Dios dirige los pensamientos y el corazón de los hombres para provecho de su Iglesia y de los suyos
Por esta razón, el que es hijo de Dios, confirmado con tales promesas y ejemplos, considerará los testimonios en los que se nos dice que todos los hombres están bajo la mano de Dios, bien porque sea preciso reconciliarlos, bien para reprimir su malicia y que no causen daño alguno. Porque el Señor es quien nos da gracia, no solamente ante aquellos que nos aman, sino incluso a los ojos de los egipcios (Ex. 3:21). Y Él es quien sabe abatir de diversos modos el furor de nuestros enemigos. Porque unas veces les quita el entendimiento, a fin de que no puedan tomar ningún buen consejo; como hizo cuando, para engañar al rey Acab, le envió a Satanás, que profetizó la mentira por boca de todos los falsos profetas (1 Rey. 22:22). Así también hizo con Roboam, cegándole con el consejo de los jóvenes, de tal forma que por su locura fue despojado de su reino (1 Rey. 12:10, 15). Otras veces, dándoles entendimiento para ver y entender lo que les conviene, de tal manera los amedranta y desanima, que no se atreven en modo alguno a hacer lo que han pensado. En fin, otras veces, después de haberles permitido intentar y comenzar a poner por obra lo que su capricho y furor les sugería, les corta a tiempo el vuelo de sus ímpetus y no les permite llevar adelante lo que pretendían. De esta manera deshizo a tiempo el consejo de Ahitofel, que hubiera sido fatal para David (2 Sam. 17:7-14). Así se cuida de guiar y dirigir todas las criaturas para bien y salvación de los suyos, incluso al mismo Diablo, el cual vemos que no se atrevió a intentar cosa alguna contra Job sin que Dios se lo permitiese y mandase (Job 1:12).
Podemos estar seguros de la bondad de Dios.

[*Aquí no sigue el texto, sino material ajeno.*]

definition is_eigenvalue_rel :: "'v::real_vector set \<Rightarrow> ('v \<Rightarrow> 'v \<Rightarrow> real) \<Rightarrow> ('v \<Rightarrow> 'v \<Rightarrow> real) \<Rightarrow> real \<Rightarrow> bool" where
  "is_eigenvalue_rel m ip A lam \<longleftrightarrow> eigenspace_rel m ip A lam \<noteq> {0}"

definition alg_ideal :: "'v::real_vector set \<Rightarrow> ('v \<Rightarrow> 'v \<Rightarrow> 'v) \<Rightarrow> 'v set \<Rightarrow> bool" where
  "alg_ideal m mul V \<longleftrightarrow> subspace V \<and> V \<subseteq> m \<and>
     (\<forall>x\<in>m. \<forall>v\<in>V. mul x v \<in> V \<and> mul v x \<in> V)"

definition essential_codazzi ::
  "('v::real_vector \<Rightarrow> 'v \<Rightarrow> 'v) \<Rightarrow> 'v set \<Rightarrow> 'v set \<Rightarrow> ('v \<Rightarrow> 'v \<Rightarrow> real) \<Rightarrow> ('v \<Rightarrow> 'v \<Rightarrow> real) \<Rightarrow> bool" where
  "essential_codazzi br h m ip A \<longleftrightarrow> codazzi br h m ip A \<and>
     (\<exists>x\<in>m. \<exists>y\<in>m. \<exists>z\<in>m. cov_deriv br h m ip A x y z \<noteq> 0) \<and>
     (\<forall>lam. is_eigenvalue_rel m ip A lam \<longrightarrow>
        \<not> alg_ideal m (brm br h m) (eigenspace_rel m ip A lam))"

inductive prod_of :: "'v set \<Rightarrow> ('v \<Rightarrow> 'v \<Rightarrow> 'v) \<Rightarrow> nat \<Rightarrow> 'v \<Rightarrow> bool"
  for m mul where
  single: "x \<in> m \<Longrightarrow> prod_of m mul 1 x"
| mult: "prod_of m mul i x \<Longrightarrow> prod_of m mul j y \<Longrightarrow> prod_of m mul (i + j) (mul x y)"

definition nilpotent_alg :: "'v::real_vector set \<Rightarrow> ('v \<Rightarrow> 'v \<Rightarrow> 'v) \<Rightarrow> bool" where
  "nilpotent_alg m mul \<longleftrightarrow> (\<exists>t::nat. t > 0 \<and> (\<forall>x. prod_of m mul t x \<longrightarrow> x = 0))"

definition split_solvable_alg :: "'v::real_vector set \<Rightarrow> ('v \<Rightarrow> 'v \<Rightarrow> 'v) \<Rightarrow> bool" where
  "split_solvable_alg m mul \<longleftrightarrow> (\<exists>(a::nat \<Rightarrow> 'v set) p. a 0 = m \<and> a p = {0} \<and>
     (\<forall>i\<le>p. alg_ideal m mul (a i)) \<and>
     (\<forall>i<p. a (Suc i) \<subseteq> a i \<and> dim (a i) = dim (a (Suc i)) + 1))"

end

theory Submission
  imports Defs
begin

text \<open>Let Aop be the self-adjoint endomorphism of m representing A, let x be an eigenvector of Aop
  with eigenvalue a, and put T = Aop - a. Evaluated on an eigenbasis of Aop, the Codazzi equation implies
  that [x, _]_m is skew-symmetric for the positive semidefinite form (u, v) \<mapsto> <T u, T v>.
  A map that is skew for such a form and is nilpotent, or preserves a complete flag of subspaces, is
  null for it, so T [x, u]_m = 0 for all u: the eigenspace of a is stable under [x, _]_m. Hence if
  (m, [_, _]_m) is nilpotent or split-solvable, every eigenspace of A is an ideal, which an essential
  Codazzi tensor forbids (m \<noteq> 0 because \<nabla>A \<noteq> 0).\<close>

section \<open>Linear algebra\<close>

lemma linear_coeff_zero_if_quadratic_nonpos:
  fixes D E :: real
  assumes "\<And>t. 2*t*D + t^2*E \<le> 0"
  shows "D = 0"
proof (rule ccontr)
  assume "D \<noteq> 0"
  define t where "t = D / (\<bar>E\<bar> + 1)"
  have t: "t * (\<bar>E\<bar> + 1) = D"
    unfolding t_def by (simp add: add_pos_nonneg)
  have "(2*t*D + t^2*E) * (\<bar>E\<bar>+1)^2 = 2*D*(t*(\<bar>E\<bar>+1))*(\<bar>E\<bar>+1) + (t*(\<bar>E\<bar>+1))^2*E"
    by (simp add: power2_eq_square algebra_simps)
  also have "\<dots> = D^2 * (2*\<bar>E\<bar> + 2 + E)"
    unfolding t by (simp add: power2_eq_square algebra_simps)
  finally have "(2*t*D + t^2*E) * (\<bar>E\<bar>+1)^2 = D^2 * (2*\<bar>E\<bar> + 2 + E)" .
  moreover have "(2*t*D + t^2*E) * (\<bar>E\<bar>+1)^2 \<le> 0"
    using assms[of t] by (simp add: mult_nonpos_nonneg)
  moreover have "D^2 * (2*\<bar>E\<bar> + 2 + E) > 0"
    using \<open>D \<noteq> 0\<close> by (intro mult_pos_pos) (auto simp: abs_if)
  ultimately show False by linarith
qed

definition skew_on :: "'v set \<Rightarrow> ('v \<Rightarrow> 'v \<Rightarrow> real) \<Rightarrow> ('v \<Rightarrow> 'v) \<Rightarrow> bool" where
  "skew_on V q L \<longleftrightarrow> (\<forall>u\<in>V. \<forall>v\<in>V. q (L u) v + q u (L v) = 0)"

lemma funpow_in:
  assumes "\<forall>u\<in>V. L u \<in> V" "u \<in> V"
  shows "(L ^^ k) u \<in> V"
  using assms by (induction k) auto

lemma skew_on_funpow:
  assumes skew: "skew_on V q L" and L: "\<forall>u\<in>V. L u \<in> V" and "u \<in> V" "v \<in> V"
  shows "q ((L ^^ k) u) v = (-1) ^ k * q u ((L ^^ k) v)"
  using \<open>v \<in> V\<close>
proof (induction k arbitrary: v)
  case 0
  then show ?case by simp
next
  case (Suc k)
  have "q ((L ^^ Suc k) u) v = - q ((L ^^ k) u) (L v)"
    using skew funpow_in[OF L \<open>u \<in> V\<close>] Suc.prems unfolding skew_on_def
    by (simp add: eq_neg_iff_add_eq_0)
  also have "\<dots> = - ((-1) ^ k * q u ((L ^^ k) (L v)))"
    using Suc L by simp
  finally show ?case by (simp add: funpow_swap1)
qed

Cuando consigamos este conocimiento, necesariamente se seguirá el agradecimiento de corazón en la prosperidad, y la paciencia en la adversidad y, además, una singular seguridad para el porvenir. Por tanto, todo cuanto nos aconteciere conforme a lo que deseamos, lo atribuiremos a Dios, sea que recibamos el beneficio y la merced por medio de los hombres, o de las criaturas inanimadas. Pues hemos de pensar en nuestro corazón: sin duda alguna el Señor es quien ha inclinado la voluntad de éstos a que me amen, y ha hecho que fueran instrumentos de su benignidad hacia mí. Cuando obtuviéremos buena cosecha y abundancia de los otros frutos de la tierra, consideraremos que el Señor es quien manda que el cielo llueva sobre la tierra para que ella dé fruto. Y en cualquier otra clase de prosperidad tendremos por seguro que sólo la bendición de Dios es la que hace prosperar y multiplicar todas las cosas. Estas exhortaciones no permitirán que seamos ingratos con Él.
Podemos ser pacientes y estar tranquilos en la adversidad sin resentimiento y sin espíritu de venganza hacia nuestros enemigos
Por el contrario, si alguna adversidad nos aconteciere, al momento levantaremos nuestro corazón a Dios, único capaz de hacernos tener paciencia y tranquilidad. Si José se hubiera detenido a considerar la deslealtad de sus hermanos, nunca hubiera conservado en su corazón sentimientos fraternos hacia ellos. Mas como levantó su corazón a Dios, olvidándose de la injuria se inclinó a la mansedumbre y a la clemencia, de manera que él mismo consoló a sus hermanos y les dijo: «No me enviasteis acá vosotros, sino Dios me envió delante de vosotros … para daros la vida. Vosotros pensasteis mal contra mí, mas Dios lo encaminó a bien» (Gen.45:8; 50:20). Si Job se hubiera fijado en los caldeos, por los cuales era perseguido, se hubiera sentido movido a vengarse de ellos, mas como en ello reconoce la acción de Dios, se consuela con aquella admirable sentencia: «Jehová dio, y Jehová quitó; sea el nombre de Jehová bendito» (Job 1:21).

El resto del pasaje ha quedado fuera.